Obesity increases oxidative stress and inflammatory cytokine production in adipose tissue, and our recent data demonstrate that dietary calcium attenuates obesity-induced oxidative stress and inflammation. This effect may be explained by dietary calcium inhibition of calcitriol, which we have shown to stimulate reactive oxygen species and inflammatory cytokine production in cultured adipocytes. However, adipose tissue includes both endothelial cells and leukocytes as well as adipocytes; these appear to contribute to a low-grade inflammatory state in obesity. Accordingly, the interaction between adipocytes and leukocytes may play an important role in the local modulation of inflammation. Consequently, we investigated calcitriol modulation of the expression of macrophage inhibitory factor (MIF) and macrophage surface specific protein CD14, two key factors in regulating macrophage function and survival, in differentiated human adipocytes. Calcitriol markedly increased MIF and CD 14 expression by 59%(p=0.001) and 33%(p=0.008). respectively, while calcium channel antagonism with nifedipine completely reversed these effects, indicating that calcitriol stimulates MIF and CD14 expression via a calcium-dependent mechanism. Similar results were also found in cultured 3T3-L1 adipocytes; in addition, calcitriol also up-regulated M-CSF, MIP, MCP-1 (monocyte chemoattractant protein-1) and IL-6 expression in 3T3-L1 adipocyte and stimulated tumor necrosis factor-α (TNF-α) and IL-6 expression in RAW264 macrophage cultured alone and this effect was blocked by either a calcium channel antagonist (nifedipine) or a mitochondrial uncoupler (DNP). Moreover, co-culture of 3T3-L1 adipocytes with RAW 264 macrophages significantly increased the expression and production of multiple inflammatory cytokines in response to calcitriol in both cell types. These data suggest that calcitriol may regulate macrophage activity by modulating adipocyte production of factors associated with macrophage function. These data also provide additional explanation for our recent observations that suppression of calcitriol by dietary calcium decreases obesity associated oxidative stress and inflammation

Materials and Methods

Cell culture: Human preadipocytes used in this study were supplied by Zen-Bio (Research Triangle, N.C.).
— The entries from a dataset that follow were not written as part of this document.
lemma one_le_negS_upper:
  assumes q: "0 < q" "q < 1/2" and T: "0 \<le> T" "T \<le> (t_minus q)\<^sup>2 \<or> (t_plus q)\<^sup>2 \<le> T"
  shows "1 \<le> negS_upper q T"
proof -
  define s r where "s = sqrt q" and "r = sqrt (1 - 2 * q)"
  have s: "0 < s" "s < 1" using q by (auto simp: s_def)
  have "0 < t_minus q" "t_minus q < t_plus q" using t_minus_t_plus[OF q] by auto
  then have "sqrt T \<le> t_minus q \<or> t_plus q \<le> sqrt T"
    using T by (auto intro: real_le_lsqrt real_le_rsqrt)
  moreover have "t_minus q = r / (1 + s)" "t_plus q = r / (1 - s)"
    by (simp_all add: t_minus_def t_plus_def s_def r_def)
  ultimately have "(1 + s) * sqrt T \<le> r \<or> r \<le> (1 - s) * sqrt T"
    using s T by (auto simp: le_divide_eq divide_le_eq mult.commute)
  moreover have "(1 - s) * sqrt T \<le> (1 + s) * sqrt T"
    using s T by (intro mult_right_mono) auto
  ultimately have "0 \<le> ((1 + s) * sqrt T - r) * ((1 - s) * sqrt T - r)"
    unfolding zero_le_mult_iff by linarith
  then have "0 \<le> q * (negS_upper q T - 1)"
    using negS_upper_minus_one_eq[OF q T(1)] by (simp add: s_def r_def)
  then show ?thesis using q by (simp add: zero_le_mult_iff)
qed

lemma negS_upper_le_one:
  assumes q: "0 < q" "q < 1/2" and T: "(t_minus q)\<^sup>2 \<le> T" "T \<le> (t_plus q)\<^sup>2"
  shows "negS_upper q T \<le> 1"
proof -
  define s r where "s = sqrt q" and "r = sqrt (1 - 2 * q)"
  have s: "0 < s" "s < 1" using q by (auto simp: s_def)
  have "0 < t_minus q" "0 < t_plus q" using t_minus_t_plus[OF q] by auto
  then have "0 \<le> T" "t_minus q \<le> sqrt T" "sqrt T \<le> t_plus q"
    using T by (auto intro: real_le_lsqrt real_le_rsqrt order.trans[OF zero_le_power2])
  moreover have "t_minus q = r / (1 + s)" "t_plus q = r / (1 - s)"
    by (simp_all add: t_minus_def t_plus_def s_def r_def)
  ultimately have "r \<le> (1 + s) * sqrt T" "(1 - s) * sqrt T \<le> r"
    using s by (auto simp: le_divide_eq divide_le_eq mult.commute)
  then have "((1 + s) * sqrt T - r) * ((1 - s) * sqrt T - r) \<le> 0"
    by (intro mult_nonneg_nonpos) auto
  then have "q * (negS_upper q T - 1) \<le> 0"
    using negS_upper_minus_one_eq[OF q \<open>0 \<le> T\<close>] by (simp add: s_def r_def)
  then show ?thesis using q by (simp add: mult_le_0_iff)
qed

definition prim_lower :: "real \<Rightarrow> real \<Rightarrow> real" where
  "prim_lower q T = T - q / (2 * (1 - q)) * T\<^sup>2"

definition prim_upper :: "real \<Rightarrow> real \<Rightarrow> real" where
  "prim_upper q T = T - (1 - q) / q * (T + T\<^sup>2 / 2) + 4 / (3 * q) * sqrt (1 - 2 * q) * (T * sqrt T)"

lemma has_real_derivative_prim_lower:
  assumes "q \<noteq> 1"
  shows "(prim_lower q has_real_derivative 1 - negS_lower q x) (at x)"
  unfolding prim_lower_def negS_lower_def
  by (rule derivative_eq_intros refl | simp)+ (use assms in \<open>simp add: field_simps\<close>)

lemma has_real_derivative_prim_upper:
  assumes q: "0 < q" "q < 1/2" and x: "0 < x"
  shows "(prim_upper q has_real_derivative 1 - negS_upper q x) (at x)"
proof -
  have d1: "((\<lambda>T. T * sqrt T) has_real_derivative 3/2 * sqrt x) (at x)"
  proof (rule DERIV_cong)
    show "((\<lambda>T. T * sqrt T) has_real_derivative 1 * sqrt x + inverse (sqrt x) / 2 * x) (at x)"
      by (intro DERIV_mult DERIV_ident DERIV_real_sqrt x)
    show "1 * sqrt x + inverse (sqrt x) / 2 * x = 3/2 * sqrt x"
      using x by (simp add: field_simps real_div_sqrt)
  qed
  have d2: "((\<lambda>T. T + T\<^sup>2 / 2) has_real_derivative 1 + x) (at x)"
    by (auto intro!: derivative_eq_intros)
  have "(prim_upper q has_real_derivative
      1 - (1 - q) / q * (1 + x) + 4 / (3 * q) * sqrt (1 - 2 * q) * (3/2 * sqrt x)) (at x)"
    unfolding prim_upper_def
    by (rule DERIV_add[OF DERIV_diff[OF DERIV_ident DERIV_cmult[OF d2]] DERIV_cmult[OF d1]])
  moreover have "1 - (1 - q) / q * (1 + x) + 4 / (3 * q) * sqrt (1 - 2 * q) * (3/2 * sqrt x)
      = 1 - negS_upper q x"
    using q x unfolding negS_upper_def real_sqrt_mult[of "1 - 2 * q" x] by (simp add: field_simps)
  ultimately show ?thesis by (rule DERIV_cong)
qed

definition section_integral :: "real \<Rightarrow> real" where
  "section_integral q = prim_lower q 1 - prim_lower q 0
     - (prim_upper q (min 1 ((t_plus q)\<^sup>2)) - prim_upper q ((t_minus q)\<^sup>2))"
Preadipocytes were inoculated in DMEM/Ham's F-10 medium (DMEM-F10) (1:1, vol/vol) containing 10% FBS, 15 mmol/L HEPES, and antibiotics at a density of 30,000 cells/cm2. Confluent monolayers of preadipocytes were induced to differentiate with a standard differentiation medium consisting of DMEM-F10 (1:1, vol/vol) medium supplemented with 15 mmol/L HEPES, 3% FBS, 33 μmol/L biotin, 17 μmol/L pantothenate, 100 nmol/L insulin, 0.25 μmol/L methylisobutyixanthine, 1 μmol/L dexamethasone, 1 μmol/L BRL49653, and antibiotics. Preadipocytes were maintained in this differentiation medium for 3 days and subsequently cultured in adipocyte medium in which BRL49653 and MIX were omitted. Cultures were re-fed every 2-3 days.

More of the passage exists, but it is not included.